[Data section]

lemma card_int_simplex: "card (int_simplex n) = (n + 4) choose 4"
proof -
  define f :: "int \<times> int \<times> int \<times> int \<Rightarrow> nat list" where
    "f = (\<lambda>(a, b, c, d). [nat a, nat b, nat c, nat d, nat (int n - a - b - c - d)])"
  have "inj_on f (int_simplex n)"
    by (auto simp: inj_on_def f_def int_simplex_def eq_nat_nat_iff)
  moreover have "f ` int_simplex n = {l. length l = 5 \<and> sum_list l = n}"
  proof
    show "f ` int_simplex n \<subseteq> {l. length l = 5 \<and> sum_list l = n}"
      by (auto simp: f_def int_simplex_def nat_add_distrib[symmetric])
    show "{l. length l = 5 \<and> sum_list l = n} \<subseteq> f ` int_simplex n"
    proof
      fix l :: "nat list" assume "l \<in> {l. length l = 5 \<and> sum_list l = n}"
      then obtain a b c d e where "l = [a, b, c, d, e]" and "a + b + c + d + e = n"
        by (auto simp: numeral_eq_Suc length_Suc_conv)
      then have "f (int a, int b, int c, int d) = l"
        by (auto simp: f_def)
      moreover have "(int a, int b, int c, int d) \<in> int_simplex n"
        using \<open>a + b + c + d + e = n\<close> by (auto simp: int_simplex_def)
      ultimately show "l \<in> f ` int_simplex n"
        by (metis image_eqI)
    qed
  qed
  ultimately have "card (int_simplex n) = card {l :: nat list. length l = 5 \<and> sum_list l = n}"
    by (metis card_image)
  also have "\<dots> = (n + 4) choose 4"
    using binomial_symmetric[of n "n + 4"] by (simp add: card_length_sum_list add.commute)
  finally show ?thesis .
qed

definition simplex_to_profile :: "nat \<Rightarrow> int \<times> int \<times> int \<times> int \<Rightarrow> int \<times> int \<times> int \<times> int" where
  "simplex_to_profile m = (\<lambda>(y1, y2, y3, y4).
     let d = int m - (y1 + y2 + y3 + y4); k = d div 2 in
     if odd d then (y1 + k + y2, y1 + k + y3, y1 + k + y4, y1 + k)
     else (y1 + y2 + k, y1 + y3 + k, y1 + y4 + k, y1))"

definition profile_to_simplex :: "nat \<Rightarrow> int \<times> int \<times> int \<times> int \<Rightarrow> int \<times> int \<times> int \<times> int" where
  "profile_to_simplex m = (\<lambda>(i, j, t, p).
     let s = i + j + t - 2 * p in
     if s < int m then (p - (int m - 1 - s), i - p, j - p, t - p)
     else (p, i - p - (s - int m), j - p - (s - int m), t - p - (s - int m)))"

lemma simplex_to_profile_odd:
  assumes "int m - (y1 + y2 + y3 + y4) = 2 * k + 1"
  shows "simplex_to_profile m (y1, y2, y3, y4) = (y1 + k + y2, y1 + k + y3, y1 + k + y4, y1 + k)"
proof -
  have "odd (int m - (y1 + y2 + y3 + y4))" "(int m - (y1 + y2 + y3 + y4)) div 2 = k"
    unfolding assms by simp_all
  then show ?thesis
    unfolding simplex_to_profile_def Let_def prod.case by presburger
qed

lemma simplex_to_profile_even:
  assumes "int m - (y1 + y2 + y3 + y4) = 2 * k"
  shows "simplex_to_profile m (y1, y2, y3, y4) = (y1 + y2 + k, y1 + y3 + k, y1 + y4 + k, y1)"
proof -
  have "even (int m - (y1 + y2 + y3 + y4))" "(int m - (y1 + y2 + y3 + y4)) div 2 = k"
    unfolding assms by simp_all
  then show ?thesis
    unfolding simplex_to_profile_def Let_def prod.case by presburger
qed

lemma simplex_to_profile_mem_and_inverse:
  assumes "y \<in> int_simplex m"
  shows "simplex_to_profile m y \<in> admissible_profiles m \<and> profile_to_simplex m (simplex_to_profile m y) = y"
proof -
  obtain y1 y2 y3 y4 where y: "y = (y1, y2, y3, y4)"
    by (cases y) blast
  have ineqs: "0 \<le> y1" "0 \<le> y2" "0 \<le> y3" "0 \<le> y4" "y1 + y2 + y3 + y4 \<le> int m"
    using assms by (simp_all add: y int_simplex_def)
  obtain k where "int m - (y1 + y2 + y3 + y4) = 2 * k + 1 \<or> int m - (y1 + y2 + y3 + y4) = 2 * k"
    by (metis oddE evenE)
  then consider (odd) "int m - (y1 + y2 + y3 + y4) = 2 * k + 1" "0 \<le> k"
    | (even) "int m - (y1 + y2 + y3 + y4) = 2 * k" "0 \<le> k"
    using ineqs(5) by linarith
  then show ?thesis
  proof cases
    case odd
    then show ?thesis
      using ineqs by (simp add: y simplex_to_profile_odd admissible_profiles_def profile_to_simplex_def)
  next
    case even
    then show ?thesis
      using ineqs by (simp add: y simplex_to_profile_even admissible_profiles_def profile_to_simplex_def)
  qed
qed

[/Data section]
[Data section]

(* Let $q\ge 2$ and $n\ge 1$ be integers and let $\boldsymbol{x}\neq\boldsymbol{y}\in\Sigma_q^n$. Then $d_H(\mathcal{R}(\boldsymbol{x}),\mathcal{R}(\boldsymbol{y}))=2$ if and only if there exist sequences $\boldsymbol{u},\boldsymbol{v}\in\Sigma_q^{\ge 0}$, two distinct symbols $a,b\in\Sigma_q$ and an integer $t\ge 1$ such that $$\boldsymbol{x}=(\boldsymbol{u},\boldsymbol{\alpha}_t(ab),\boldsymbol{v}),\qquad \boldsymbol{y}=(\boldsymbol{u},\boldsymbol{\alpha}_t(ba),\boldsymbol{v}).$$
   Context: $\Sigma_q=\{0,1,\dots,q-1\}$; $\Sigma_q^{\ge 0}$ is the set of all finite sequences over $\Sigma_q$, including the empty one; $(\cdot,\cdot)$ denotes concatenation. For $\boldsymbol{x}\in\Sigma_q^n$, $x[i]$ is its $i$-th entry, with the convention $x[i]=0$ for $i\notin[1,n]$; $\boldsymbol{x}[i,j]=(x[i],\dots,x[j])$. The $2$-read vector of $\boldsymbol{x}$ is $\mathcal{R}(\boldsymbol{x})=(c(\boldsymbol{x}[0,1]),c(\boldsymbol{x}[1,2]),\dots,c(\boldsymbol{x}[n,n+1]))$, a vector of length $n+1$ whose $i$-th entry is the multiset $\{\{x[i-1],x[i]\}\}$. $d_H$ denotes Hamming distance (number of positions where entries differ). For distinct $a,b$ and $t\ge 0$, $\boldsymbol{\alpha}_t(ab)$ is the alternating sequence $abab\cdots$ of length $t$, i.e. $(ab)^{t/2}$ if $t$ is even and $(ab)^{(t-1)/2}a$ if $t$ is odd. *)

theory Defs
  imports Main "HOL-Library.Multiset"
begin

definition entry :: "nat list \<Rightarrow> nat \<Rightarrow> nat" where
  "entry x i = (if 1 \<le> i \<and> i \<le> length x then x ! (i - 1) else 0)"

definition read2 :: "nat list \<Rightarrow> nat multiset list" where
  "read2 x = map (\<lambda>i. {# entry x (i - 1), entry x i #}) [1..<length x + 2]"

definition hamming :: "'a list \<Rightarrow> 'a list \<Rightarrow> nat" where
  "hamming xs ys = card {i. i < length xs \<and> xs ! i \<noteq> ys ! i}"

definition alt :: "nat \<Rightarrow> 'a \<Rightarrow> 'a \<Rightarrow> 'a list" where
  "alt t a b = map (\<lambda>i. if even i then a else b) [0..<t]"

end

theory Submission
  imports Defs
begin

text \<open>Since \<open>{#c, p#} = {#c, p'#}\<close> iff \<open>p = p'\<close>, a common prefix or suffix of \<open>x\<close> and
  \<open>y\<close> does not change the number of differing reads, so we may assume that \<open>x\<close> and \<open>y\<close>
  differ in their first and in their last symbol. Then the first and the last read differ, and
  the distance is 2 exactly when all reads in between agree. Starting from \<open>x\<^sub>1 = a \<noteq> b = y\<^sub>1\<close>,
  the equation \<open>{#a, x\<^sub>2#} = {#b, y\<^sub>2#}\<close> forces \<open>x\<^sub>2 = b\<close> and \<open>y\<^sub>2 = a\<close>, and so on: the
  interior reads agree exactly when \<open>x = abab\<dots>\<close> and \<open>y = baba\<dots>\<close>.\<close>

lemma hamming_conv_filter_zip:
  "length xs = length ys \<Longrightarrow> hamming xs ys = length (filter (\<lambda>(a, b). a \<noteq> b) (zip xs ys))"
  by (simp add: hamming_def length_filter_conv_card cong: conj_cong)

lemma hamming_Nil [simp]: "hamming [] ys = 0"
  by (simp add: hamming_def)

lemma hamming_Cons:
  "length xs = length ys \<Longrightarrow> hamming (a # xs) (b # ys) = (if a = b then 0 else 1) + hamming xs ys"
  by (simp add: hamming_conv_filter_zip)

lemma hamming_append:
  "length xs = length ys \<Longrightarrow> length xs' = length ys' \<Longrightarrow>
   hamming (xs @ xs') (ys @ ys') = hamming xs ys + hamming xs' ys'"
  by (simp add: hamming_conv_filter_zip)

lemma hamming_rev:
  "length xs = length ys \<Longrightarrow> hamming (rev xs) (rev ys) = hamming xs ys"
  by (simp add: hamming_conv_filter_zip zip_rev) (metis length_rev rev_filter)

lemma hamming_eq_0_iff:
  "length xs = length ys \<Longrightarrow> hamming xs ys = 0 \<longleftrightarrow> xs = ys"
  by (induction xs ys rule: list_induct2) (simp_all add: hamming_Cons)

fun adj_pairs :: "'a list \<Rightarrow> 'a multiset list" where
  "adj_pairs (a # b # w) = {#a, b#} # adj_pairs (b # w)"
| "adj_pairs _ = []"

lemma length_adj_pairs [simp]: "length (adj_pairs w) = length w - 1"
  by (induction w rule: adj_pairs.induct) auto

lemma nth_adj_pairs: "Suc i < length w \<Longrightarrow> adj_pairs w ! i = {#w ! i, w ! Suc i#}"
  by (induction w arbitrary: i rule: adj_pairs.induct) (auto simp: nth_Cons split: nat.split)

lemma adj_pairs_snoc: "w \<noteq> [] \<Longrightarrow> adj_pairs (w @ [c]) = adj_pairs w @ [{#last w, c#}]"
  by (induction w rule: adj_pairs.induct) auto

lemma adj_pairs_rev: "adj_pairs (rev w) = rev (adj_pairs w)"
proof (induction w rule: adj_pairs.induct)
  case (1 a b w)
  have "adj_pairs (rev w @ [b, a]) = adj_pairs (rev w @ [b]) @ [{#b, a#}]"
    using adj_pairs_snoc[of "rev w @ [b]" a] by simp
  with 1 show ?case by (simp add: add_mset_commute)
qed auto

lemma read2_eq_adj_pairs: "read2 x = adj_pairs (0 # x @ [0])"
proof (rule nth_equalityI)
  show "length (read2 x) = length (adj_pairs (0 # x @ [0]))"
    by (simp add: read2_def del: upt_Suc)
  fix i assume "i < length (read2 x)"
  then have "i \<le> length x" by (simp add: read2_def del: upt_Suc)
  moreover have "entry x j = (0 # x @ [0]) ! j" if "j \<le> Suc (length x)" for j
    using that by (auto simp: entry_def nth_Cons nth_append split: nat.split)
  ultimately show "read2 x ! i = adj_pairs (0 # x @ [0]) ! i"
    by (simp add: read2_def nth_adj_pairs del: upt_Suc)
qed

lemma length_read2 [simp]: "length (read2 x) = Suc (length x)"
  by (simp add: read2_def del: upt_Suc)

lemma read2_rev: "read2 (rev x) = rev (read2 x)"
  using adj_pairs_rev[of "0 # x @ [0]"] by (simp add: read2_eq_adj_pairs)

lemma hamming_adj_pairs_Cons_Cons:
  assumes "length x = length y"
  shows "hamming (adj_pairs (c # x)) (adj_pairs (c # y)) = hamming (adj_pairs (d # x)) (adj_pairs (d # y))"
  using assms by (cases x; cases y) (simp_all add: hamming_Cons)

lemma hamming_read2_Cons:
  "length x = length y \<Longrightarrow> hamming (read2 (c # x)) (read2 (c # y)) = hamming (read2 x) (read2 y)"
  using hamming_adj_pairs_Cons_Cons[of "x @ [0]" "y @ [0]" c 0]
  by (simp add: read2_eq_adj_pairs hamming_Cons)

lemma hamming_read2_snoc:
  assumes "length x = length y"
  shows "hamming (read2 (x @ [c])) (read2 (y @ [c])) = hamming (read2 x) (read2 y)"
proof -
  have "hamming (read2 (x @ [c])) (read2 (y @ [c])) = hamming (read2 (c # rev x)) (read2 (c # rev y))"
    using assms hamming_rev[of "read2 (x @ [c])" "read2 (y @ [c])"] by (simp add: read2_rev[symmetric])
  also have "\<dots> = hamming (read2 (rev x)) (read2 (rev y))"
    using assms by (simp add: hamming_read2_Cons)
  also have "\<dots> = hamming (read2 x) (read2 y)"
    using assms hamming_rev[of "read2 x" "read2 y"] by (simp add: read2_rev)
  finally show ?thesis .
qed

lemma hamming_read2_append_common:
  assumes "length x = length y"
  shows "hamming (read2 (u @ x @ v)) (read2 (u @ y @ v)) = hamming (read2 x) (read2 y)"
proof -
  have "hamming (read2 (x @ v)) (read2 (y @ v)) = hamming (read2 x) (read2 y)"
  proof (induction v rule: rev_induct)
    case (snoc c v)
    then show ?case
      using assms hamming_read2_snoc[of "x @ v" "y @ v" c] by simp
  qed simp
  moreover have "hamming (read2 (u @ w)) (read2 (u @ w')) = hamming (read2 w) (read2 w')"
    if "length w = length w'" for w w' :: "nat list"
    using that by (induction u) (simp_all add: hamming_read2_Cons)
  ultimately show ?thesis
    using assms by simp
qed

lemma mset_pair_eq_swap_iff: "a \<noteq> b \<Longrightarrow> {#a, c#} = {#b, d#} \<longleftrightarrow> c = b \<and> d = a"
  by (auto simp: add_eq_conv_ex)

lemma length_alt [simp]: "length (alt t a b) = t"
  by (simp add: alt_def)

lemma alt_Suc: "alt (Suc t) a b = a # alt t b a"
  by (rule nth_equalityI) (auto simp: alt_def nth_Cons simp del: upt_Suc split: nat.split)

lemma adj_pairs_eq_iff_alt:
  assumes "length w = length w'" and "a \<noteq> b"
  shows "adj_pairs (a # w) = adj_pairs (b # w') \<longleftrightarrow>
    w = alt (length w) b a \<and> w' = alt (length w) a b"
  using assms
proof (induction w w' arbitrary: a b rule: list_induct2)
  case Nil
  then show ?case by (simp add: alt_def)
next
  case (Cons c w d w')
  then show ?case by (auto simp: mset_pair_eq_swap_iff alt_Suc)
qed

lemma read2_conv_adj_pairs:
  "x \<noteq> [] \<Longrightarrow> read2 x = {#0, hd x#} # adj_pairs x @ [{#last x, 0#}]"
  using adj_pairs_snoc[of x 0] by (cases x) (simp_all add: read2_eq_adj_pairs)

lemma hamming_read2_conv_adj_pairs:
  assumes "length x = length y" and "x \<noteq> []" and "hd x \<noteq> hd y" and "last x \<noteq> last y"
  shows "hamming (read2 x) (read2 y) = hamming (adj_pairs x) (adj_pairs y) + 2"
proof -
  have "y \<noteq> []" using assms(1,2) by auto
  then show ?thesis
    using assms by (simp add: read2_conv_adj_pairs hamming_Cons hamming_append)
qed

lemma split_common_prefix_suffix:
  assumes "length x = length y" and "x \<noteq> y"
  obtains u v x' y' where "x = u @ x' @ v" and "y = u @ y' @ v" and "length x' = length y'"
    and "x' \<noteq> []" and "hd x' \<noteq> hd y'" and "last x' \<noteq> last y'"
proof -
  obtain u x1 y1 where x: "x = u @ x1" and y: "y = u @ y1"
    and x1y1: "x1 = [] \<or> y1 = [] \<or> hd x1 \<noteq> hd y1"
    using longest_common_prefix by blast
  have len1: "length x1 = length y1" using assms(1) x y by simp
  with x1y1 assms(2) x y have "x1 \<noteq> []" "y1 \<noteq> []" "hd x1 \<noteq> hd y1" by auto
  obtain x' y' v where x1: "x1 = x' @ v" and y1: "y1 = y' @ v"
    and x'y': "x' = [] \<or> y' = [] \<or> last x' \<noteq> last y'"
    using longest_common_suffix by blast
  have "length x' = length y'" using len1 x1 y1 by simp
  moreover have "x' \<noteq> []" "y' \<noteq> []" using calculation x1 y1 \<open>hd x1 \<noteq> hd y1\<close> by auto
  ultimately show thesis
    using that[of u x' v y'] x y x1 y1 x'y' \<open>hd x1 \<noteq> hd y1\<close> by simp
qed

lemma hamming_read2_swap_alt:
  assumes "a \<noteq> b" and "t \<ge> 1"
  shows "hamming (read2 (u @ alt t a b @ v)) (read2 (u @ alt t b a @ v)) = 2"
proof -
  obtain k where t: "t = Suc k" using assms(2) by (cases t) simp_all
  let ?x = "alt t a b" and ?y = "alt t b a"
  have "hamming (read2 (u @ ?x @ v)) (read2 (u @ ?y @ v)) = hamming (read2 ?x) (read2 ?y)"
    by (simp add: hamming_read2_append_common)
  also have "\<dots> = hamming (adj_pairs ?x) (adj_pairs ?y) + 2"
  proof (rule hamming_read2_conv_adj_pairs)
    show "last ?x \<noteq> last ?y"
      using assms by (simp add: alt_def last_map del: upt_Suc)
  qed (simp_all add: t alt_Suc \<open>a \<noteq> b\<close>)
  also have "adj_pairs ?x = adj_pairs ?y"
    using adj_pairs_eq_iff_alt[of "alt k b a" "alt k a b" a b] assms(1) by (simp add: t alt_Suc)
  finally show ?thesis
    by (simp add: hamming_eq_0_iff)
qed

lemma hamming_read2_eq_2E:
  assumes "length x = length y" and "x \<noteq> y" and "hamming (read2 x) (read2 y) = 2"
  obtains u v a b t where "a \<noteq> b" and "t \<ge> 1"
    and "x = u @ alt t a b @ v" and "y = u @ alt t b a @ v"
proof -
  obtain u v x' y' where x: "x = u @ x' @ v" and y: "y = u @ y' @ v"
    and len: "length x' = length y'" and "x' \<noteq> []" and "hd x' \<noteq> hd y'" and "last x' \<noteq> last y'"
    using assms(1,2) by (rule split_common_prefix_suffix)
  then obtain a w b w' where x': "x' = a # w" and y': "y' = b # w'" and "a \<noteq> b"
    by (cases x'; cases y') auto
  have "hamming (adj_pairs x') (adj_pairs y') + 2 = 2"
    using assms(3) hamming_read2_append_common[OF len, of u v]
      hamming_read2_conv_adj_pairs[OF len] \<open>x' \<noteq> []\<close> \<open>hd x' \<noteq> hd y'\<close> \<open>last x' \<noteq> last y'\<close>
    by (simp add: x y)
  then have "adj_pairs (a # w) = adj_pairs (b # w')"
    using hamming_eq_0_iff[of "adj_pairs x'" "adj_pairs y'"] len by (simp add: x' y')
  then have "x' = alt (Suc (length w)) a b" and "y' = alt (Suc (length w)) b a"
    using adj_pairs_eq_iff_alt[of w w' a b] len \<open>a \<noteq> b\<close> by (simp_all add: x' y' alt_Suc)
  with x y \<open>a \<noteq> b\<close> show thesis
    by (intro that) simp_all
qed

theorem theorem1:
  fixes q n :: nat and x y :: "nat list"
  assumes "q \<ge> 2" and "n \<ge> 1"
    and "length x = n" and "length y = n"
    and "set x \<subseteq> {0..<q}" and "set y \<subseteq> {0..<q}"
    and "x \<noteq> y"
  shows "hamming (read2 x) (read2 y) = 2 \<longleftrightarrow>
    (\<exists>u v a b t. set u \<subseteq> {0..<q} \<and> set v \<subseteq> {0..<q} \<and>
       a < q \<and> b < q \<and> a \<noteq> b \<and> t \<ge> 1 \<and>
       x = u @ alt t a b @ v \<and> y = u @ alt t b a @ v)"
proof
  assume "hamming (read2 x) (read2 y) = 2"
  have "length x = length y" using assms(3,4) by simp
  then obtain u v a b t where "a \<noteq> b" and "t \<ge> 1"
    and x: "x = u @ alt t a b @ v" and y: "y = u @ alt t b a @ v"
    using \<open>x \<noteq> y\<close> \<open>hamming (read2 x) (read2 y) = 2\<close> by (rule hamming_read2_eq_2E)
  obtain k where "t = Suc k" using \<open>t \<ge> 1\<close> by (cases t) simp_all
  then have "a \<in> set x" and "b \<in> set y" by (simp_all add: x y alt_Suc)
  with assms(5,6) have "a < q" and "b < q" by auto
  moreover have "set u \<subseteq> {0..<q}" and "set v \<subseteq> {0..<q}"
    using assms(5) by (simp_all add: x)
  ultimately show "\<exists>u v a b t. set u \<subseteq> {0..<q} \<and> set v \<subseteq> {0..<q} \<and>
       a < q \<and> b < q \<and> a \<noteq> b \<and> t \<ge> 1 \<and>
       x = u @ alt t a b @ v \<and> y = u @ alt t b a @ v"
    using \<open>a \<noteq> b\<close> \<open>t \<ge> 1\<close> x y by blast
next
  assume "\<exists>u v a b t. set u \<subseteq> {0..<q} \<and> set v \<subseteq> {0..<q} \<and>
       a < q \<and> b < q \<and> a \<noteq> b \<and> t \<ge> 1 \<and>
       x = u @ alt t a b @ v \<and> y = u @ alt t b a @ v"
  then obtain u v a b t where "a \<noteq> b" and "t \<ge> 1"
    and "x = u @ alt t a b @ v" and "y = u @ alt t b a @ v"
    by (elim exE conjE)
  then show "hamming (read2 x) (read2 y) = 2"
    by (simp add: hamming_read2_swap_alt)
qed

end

[/Data section]

◆ Required work
Where a line in the records above contains the word "blast", copy that line.

◆ Result
    by (cases y) blast
    using longest_common_prefix by blast
    using longest_common_suffix by blast
    using \<open>a \<noteq> b\<close> \<open>t \<ge> 1\<close> x y by blast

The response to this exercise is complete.